# Monster fighting



## oldgoat (Apr 29, 2005)

About 3 years ago I bought a book of SF shorts one of which was about monster fighting.
Groups of students/hippies etc. built bio-tech monsters that competed with eachother in arena style combat.
Each monster was controlled by "Driver" whose brain was remoted to the monster during combat.
The story was about mobsters trying to take over the sport.
I lent the book to someone and can't remember the title.
help?


----------



## Leto (Apr 29, 2005)

A Second chance at Eden, by Peter F Hamilton.
And the story you're reffering at is Sonnie's Edge.
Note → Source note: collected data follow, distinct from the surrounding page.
(* Let $M, K, P, N$ be positive integers with $1 < M \le K \le P$. Then there exists a matrix $\mathbf{A} \in \mathbb{R}^{M \times N}$ such that every matrix $\mathbf{F} \in \mathbb{R}^{P \times N}$ with the property that, for every set $\chi \subseteq \{1,\ldots,P\}$ with $|\chi| = K$, the rows of $\mathbf{F}$ indexed by $\chi$ span all the rows of $\mathbf{A}$, satisfies the following: the number $\lambda$ of columns of $\mathbf{F}$ having more than $K-M$ zero entries satisfies $$\lambda < M\binom{P}{K-M+1}.$$ *)

theory Defs
  imports Complex_Main
begin

text \<open>Matrices are represented as functions nat => nat => real, with entries
 (i,j) for i < rows, j < cols (0-based indices). Rows are vectors in R^N.\<close>

definition row_in_span ::
  "nat \<Rightarrow> (nat \<Rightarrow> nat \<Rightarrow> real) \<Rightarrow> nat set \<Rightarrow> (nat \<Rightarrow> nat \<Rightarrow> real) \<Rightarrow> nat \<Rightarrow> bool" where
  "row_in_span N F chi A a \<longleftrightarrow>
     (\<exists>c :: nat \<Rightarrow> real. \<forall>j<N. A a j = (\<Sum>i\<in>chi. c i * F i j))"

definition zeros_in_col :: "nat \<Rightarrow> (nat \<Rightarrow> nat \<Rightarrow> real) \<Rightarrow> nat \<Rightarrow> nat" where
  "zeros_in_col P F j = card {i. i < P \<and> F i j = 0}"

end

theory Submission
  imports Defs "HOL-Computational_Algebra.Polynomial" "HOL-Library.Function_Algebras"
begin

text \<open>Take for \<open>A\<close> the Vandermonde matrix \<open>A a j = j ^ a\<close>, any \<open>M\<close> columns of which are
linearly independent. If \<open>M\<close> columns of \<open>F\<close> vanished on a common set \<open>Z\<close> of \<open>K - M + 1\<close> rows,
pad \<open>Z\<close> by \<open>M - 1\<close> further rows to a \<open>K\<close>-set: on those columns the rows of \<open>A\<close> would lie in
the span of only \<open>M - 1\<close> rows of \<open>F\<close>, which is impossible. So each of the
\<open>P choose (K - M + 1)\<close> row sets \<open>Z\<close> accounts for at most \<open>M - 1\<close> columns, and every column
with more than \<open>K - M\<close> zeros vanishes on some such \<open>Z\<close>.\<close>

lemma power_sum_coeffs_eq_zero:
  fixes u :: "nat \<Rightarrow> 'a::idom" and X :: "'a set"
  assumes "finite X" "M \<le> card X"
    and roots: "\<And>x. x \<in> X \<Longrightarrow> (\<Sum>a<M. u a * x ^ a) = 0"
    and "a < M"
  shows "u a = 0"
proof -
  define p where "p = (\<Sum>a<M. monom (u a) a)"
  have poly_p: "poly p x = (\<Sum>a<M. u a * x ^ a)" for x
    by (simp add: p_def poly_sum poly_monom)
  have "p = 0"
  proof (rule ccontr)
    assume "p \<noteq> 0"
    have "degree p \<le> M - 1"
      unfolding p_def by (rule degree_sum_le) (auto intro: order.trans[OF degree_monom_le])
    moreover have "X \<subseteq> {x. poly p x = 0}"
      using roots poly_p by auto
    then have "card X \<le> card {x. poly p x = 0}"
      using \<open>p \<noteq> 0\<close> poly_roots_finite by (blast intro: card_mono)
    ultimately show False
      using card_poly_roots_bound[OF \<open>p \<noteq> 0\<close>] \<open>M \<le> card X\<close> \<open>a < M\<close> by linarith
  qed
  moreover have "coeff p a = u a"
    unfolding p_def using \<open>a < M\<close> by (simp add: coeff_sum coeff_monom)
  ultimately show ?thesis by simp
qed

interpretation fun_vec: vector_space "\<lambda>(c::'a::field) (f::'b \<Rightarrow> 'a) x. c * f x"
  by unfold_locales (auto simp: fun_eq_iff algebra_simps)

lemma sum_fun_apply: "(\<Sum>i\<in>S. f i) x = (\<Sum>i\<in>S. f i x :: 'a::comm_monoid_add)"
  by (induction S rule: infinite_finite_induct) auto

lemma card_le_if_independent_in_span:
  fixes v :: "nat \<Rightarrow> 'b \<Rightarrow> 'a::field" and w :: "'i \<Rightarrow> 'b \<Rightarrow> 'a"
  assumes indep: "\<And>u a. (\<And>x. x \<in> D \<Longrightarrow> (\<Sum>a<M. u a * v a x) = 0) \<Longrightarrow> a < M \<Longrightarrow> u a = 0"
    and span: "\<And>a x. a < M \<Longrightarrow> x \<in> D \<Longrightarrow> v a x = (\<Sum>i\<in>S. c a i * w i x)"
    and "finite S"
  shows "M \<le> card S"
proof -
  define v' where "v' a = (\<lambda>x. if x \<in> D then v a x else 0)" for a
  define w' where "w' i = (\<lambda>x. if x \<in> D then w i x else 0)" for i
  have indep': "u a = 0" if "(\<Sum>a<M. (\<lambda>x. u a * v' a x)) = 0" "a < M" for u a
  proof (rule indep[OF _ \<open>a < M\<close>])
    fix x assume "x \<in> D"
    with fun_cong[OF that(1), of x] show "(\<Sum>a<M. u a * v a x) = 0"
      by (simp add: sum_fun_apply v'_def)
  qed
  have "inj_on v' {..<M}"
  proof (rule inj_onI, rule ccontr)
    fix a b assume ab: "a \<in> {..<M}" "b \<in> {..<M}" "v' a = v' b" "a \<noteq> b"
    define u where "u x = (if x = a then 1 else if x = b then -1 else 0 :: 'a)" for x
    have "(\<Sum>x<M. (\<lambda>y. u x * v' x y)) = (\<Sum>x\<in>{a,b}. (\<lambda>y. u x * v' x y))"
      by (rule sum.mono_neutral_right) (use ab in \<open>auto simp: u_def\<close>)
    also have "\<dots> = 0"
      using ab by (simp add: u_def fun_eq_iff)
    finally have "u a = 0"
      using indep' ab by blast
    then show False by (simp add: u_def)
  qed
  moreover have "fun_vec.independent (v' ` {..<M})"
  proof (rule fun_vec.independent_if_scalars_zero)
    fix f x assume sum: "(\<Sum>x\<in>v' ` {..<M}. (\<lambda>y. f x * x y)) = 0" and "x \<in> v' ` {..<M}"
    have "(\<Sum>a<M. (\<lambda>y. (f \<circ> v') a * v' a y)) = 0"
      using sum by (simp add: sum.reindex[OF \<open>inj_on v' {..<M}\<close>])
    with \<open>x \<in> v' ` {..<M}\<close> indep' show "f x = 0" by auto
  qed simp
  moreover have "v' ` {..<M} \<subseteq> fun_vec.span (w' ` S)"
  proof (rule image_subsetI)
    fix a assume "a \<in> {..<M}"
    then have "v' a = (\<Sum>i\<in>S. (\<lambda>x. c a i * w' i x))"
      using span by (auto simp: fun_eq_iff sum_fun_apply v'_def w'_def)
    also have "\<dots> \<in> fun_vec.span (w' ` S)"
      by (intro fun_vec.span_sum fun_vec.span_scale fun_vec.span_base) auto
    finally show "v' a \<in> fun_vec.span (w' ` S)" .
  qed
  ultimately have "M \<le> card (w' ` S)"
    using fun_vec.independent_span_bound[of "w' ` S" "v' ` {..<M}"] \<open>finite S\<close>
    by (simp add: card_image)
  also have "\<dots> \<le> card S"
    using \<open>finite S\<close> by (rule card_image_le)
  finally show ?thesis .
qed

definition vandermonde :: "nat \<Rightarrow> nat \<Rightarrow> real" where
  "vandermonde a j = real j ^ a"

lemma card_vanishing_columns_less:
  fixes F :: "nat \<Rightarrow> nat \<Rightarrow> real"
  assumes spans: "\<And>chi. chi \<subseteq> {..<P} \<Longrightarrow> card chi = K \<Longrightarrow> \<forall>a<M. row_in_span N F chi vandermonde a"
    and "0 < M" "M \<le> K" "K \<le> P"
    and Z: "Z \<subseteq> {..<P}" "card Z = K - M + 1"
  shows "card {j. j < N \<and> (\<forall>i\<in>Z. F i j = 0)} < M"
proof (rule ccontr)
  assume "\<not> ?thesis"
  then obtain J where J: "J \<subseteq> {j. j < N \<and> (\<forall>i\<in>Z. F i j = 0)}" "card J = M" "finite J"
    by (meson not_less obtain_subset_with_card_n)
  have "finite Z"
    using Z(1) finite_subset by blast
  have "M - 1 \<le> card ({..<P} - Z)"
    using Z \<open>finite Z\<close> \<open>M \<le> K\<close> \<open>K \<le> P\<close> by (simp add: card_Diff_subset)
  then obtain S where S: "S \<subseteq> {..<P} - Z" "card S = M - 1" "finite S"
    by (rule obtain_subset_with_card_n)
  have disjoint: "Z \<inter> S = {}"
    using S by auto
  have "card (Z \<union> S) = K"
    using card_Un_disjoint[OF \<open>finite Z\<close> \<open>finite S\<close> disjoint] Z S \<open>0 < M\<close> \<open>M \<le> K\<close> by simp
  then have "\<forall>a<M. row_in_span N F (Z \<union> S) vandermonde a"
    using spans Z S by blast
  then obtain c where c: "\<And>a j. a < M \<Longrightarrow> j < N \<Longrightarrow> vandermonde a j = (\<Sum>i\<in>Z \<union> S. c a i * F i j)"
    unfolding row_in_span_def by metis
  have "M \<le> card S"
  proof (rule card_le_if_independent_in_span[where D = J and v = vandermonde and w = F])
    fix u a assume "\<And>j. j \<in> J \<Longrightarrow> (\<Sum>a<M. u a * vandermonde a j) = 0" "a < M"
    then show "u a = 0"
      using power_sum_coeffs_eq_zero[of "real ` J" M u a] J
      by (auto simp: vandermonde_def card_image)
  next
    fix a j assume "a < M" "j \<in> J"
    then have "vandermonde a j = (\<Sum>i\<in>Z. c a i * F i j) + (\<Sum>i\<in>S. c a i * F i j)"
      using c J \<open>finite Z\<close> S(3) disjoint by (auto simp: sum.union_disjoint)
    also have "(\<Sum>i\<in>Z. c a i * F i j) = 0"
      using \<open>j \<in> J\<close> J(1) by auto
    finally show "vandermonde a j = (\<Sum>i\<in>S. c a i * F i j)"
      by simp
  qed fact
  with S(2) \<open>0 < M\<close> show False
    by simp
qed

lemma card_columns_with_many_zeros_le:
  fixes F :: "nat \<Rightarrow> nat \<Rightarrow> real"
  assumes "\<And>Z. Z \<subseteq> {..<P} \<Longrightarrow> card Z = L \<Longrightarrow> card {j. j < N \<and> (\<forall>i\<in>Z. F i j = 0)} \<le> B"
  shows "card {j. j < N \<and> L \<le> zeros_in_col P F j} \<le> (P choose L) * B"
proof -
  define Zs where "Zs = {Z. Z \<subseteq> {..<P} \<and> card Z = L}"
  have "finite Zs"
    unfolding Zs_def by auto
  have "{j. j < N \<and> L \<le> zeros_in_col P F j} \<subseteq> (\<Union>Z\<in>Zs. {j. j < N \<and> (\<forall>i\<in>Z. F i j = 0)})"
  proof clarify
    fix j assume "j < N" "L \<le> zeros_in_col P F j"
    then obtain Z where "Z \<subseteq> {i. i < P \<and> F i j = 0}" "card Z = L"
      unfolding zeros_in_col_def by (meson obtain_subset_with_card_n)
    with \<open>j < N\<close> show "j \<in> (\<Union>Z\<in>Zs. {j. j < N \<and> (\<forall>i\<in>Z. F i j = 0)})"
      unfolding Zs_def by blast
  qed
  then have "card {j. j < N \<and> L \<le> zeros_in_col P F j}
      \<le> card (\<Union>Z\<in>Zs. {j. j < N \<and> (\<forall>i\<in>Z. F i j = 0)})"
    by (rule card_mono[rotated]) (auto simp: \<open>finite Zs\<close>)
  also have "\<dots> \<le> (\<Sum>Z\<in>Zs. card {j. j < N \<and> (\<forall>i\<in>Z. F i j = 0)})"
    using \<open>finite Zs\<close> by (rule card_UN_le)
  also have "\<dots> \<le> card Zs * B"
    using sum_bounded_above[of Zs _ B] assms unfolding Zs_def by auto
  also have "card Zs = P choose L"
    unfolding Zs_def using n_subsets[of "{..<P}" L] by simp
  finally show ?thesis .
qed

theorem lemma3:
  fixes M K P N :: nat
  assumes "0 < M" "0 < K" "0 < P" "0 < N"
    and "1 < M" "M \<le> K" "K \<le> P"
  shows "\<exists>A :: nat \<Rightarrow> nat \<Rightarrow> real.
           \<forall>F :: nat \<Rightarrow> nat \<Rightarrow> real.
             (\<forall>chi. chi \<subseteq> {..<P} \<and> card chi = K \<longrightarrow>
                (\<forall>a<M. row_in_span N F chi A a))
             \<longrightarrow> card {j. j < N \<and> zeros_in_col P F j > K - M} < M * (P choose (K - M + 1))"
proof (intro exI[of _ vandermonde] allI impI)
  fix F :: "nat \<Rightarrow> nat \<Rightarrow> real"
  assume "\<forall>chi. chi \<subseteq> {..<P} \<and> card chi = K \<longrightarrow> (\<forall>a<M. row_in_span N F chi vandermonde a)"
  then have "card {j. j < N \<and> (\<forall>i\<in>Z. F i j = 0)} \<le> M - 1"
    if "Z \<subseteq> {..<P}" "card Z = K - M + 1" for Z
    using card_vanishing_columns_less[of P K M N F Z] assms that by simp
  then have "card {j. j < N \<and> K - M + 1 \<le> zeros_in_col P F j} \<le> (P choose (K - M + 1)) * (M - 1)"
    by (rule card_columns_with_many_zeros_le)
  also have "\<dots> < M * (P choose (K - M + 1))"
    using assms by (simp add: zero_less_binomial)
  finally show "card {j. j < N \<and> zeros_in_col P F j > K - M} < M * (P choose (K - M + 1))"
    by (simp add: Suc_le_eq)
qed

end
First apparition of the affinity link.


----------



## Rane Longfox (Apr 29, 2005)

A recognised the story, but couldn't have told you what book without a hint, but Leto is right, its "A Second Chance at Eden". One of the better short stories in the collection actually...


----------



## Leto (Apr 29, 2005)

that's the first one of the book, which is just in front of me among my tech dictionnaries.  Should someday, clean this office.


----------



## oldgoat (May 14, 2005)

I've only just picked up your message.
Thanks, it was driving me nuts trying to remember.


----------



## The Master™ (May 15, 2005)

Something similar (though to do with war) are the "Bill, the Galactic Hero" books by Harry Harrison... But they are a funny and a little sick!!!


----------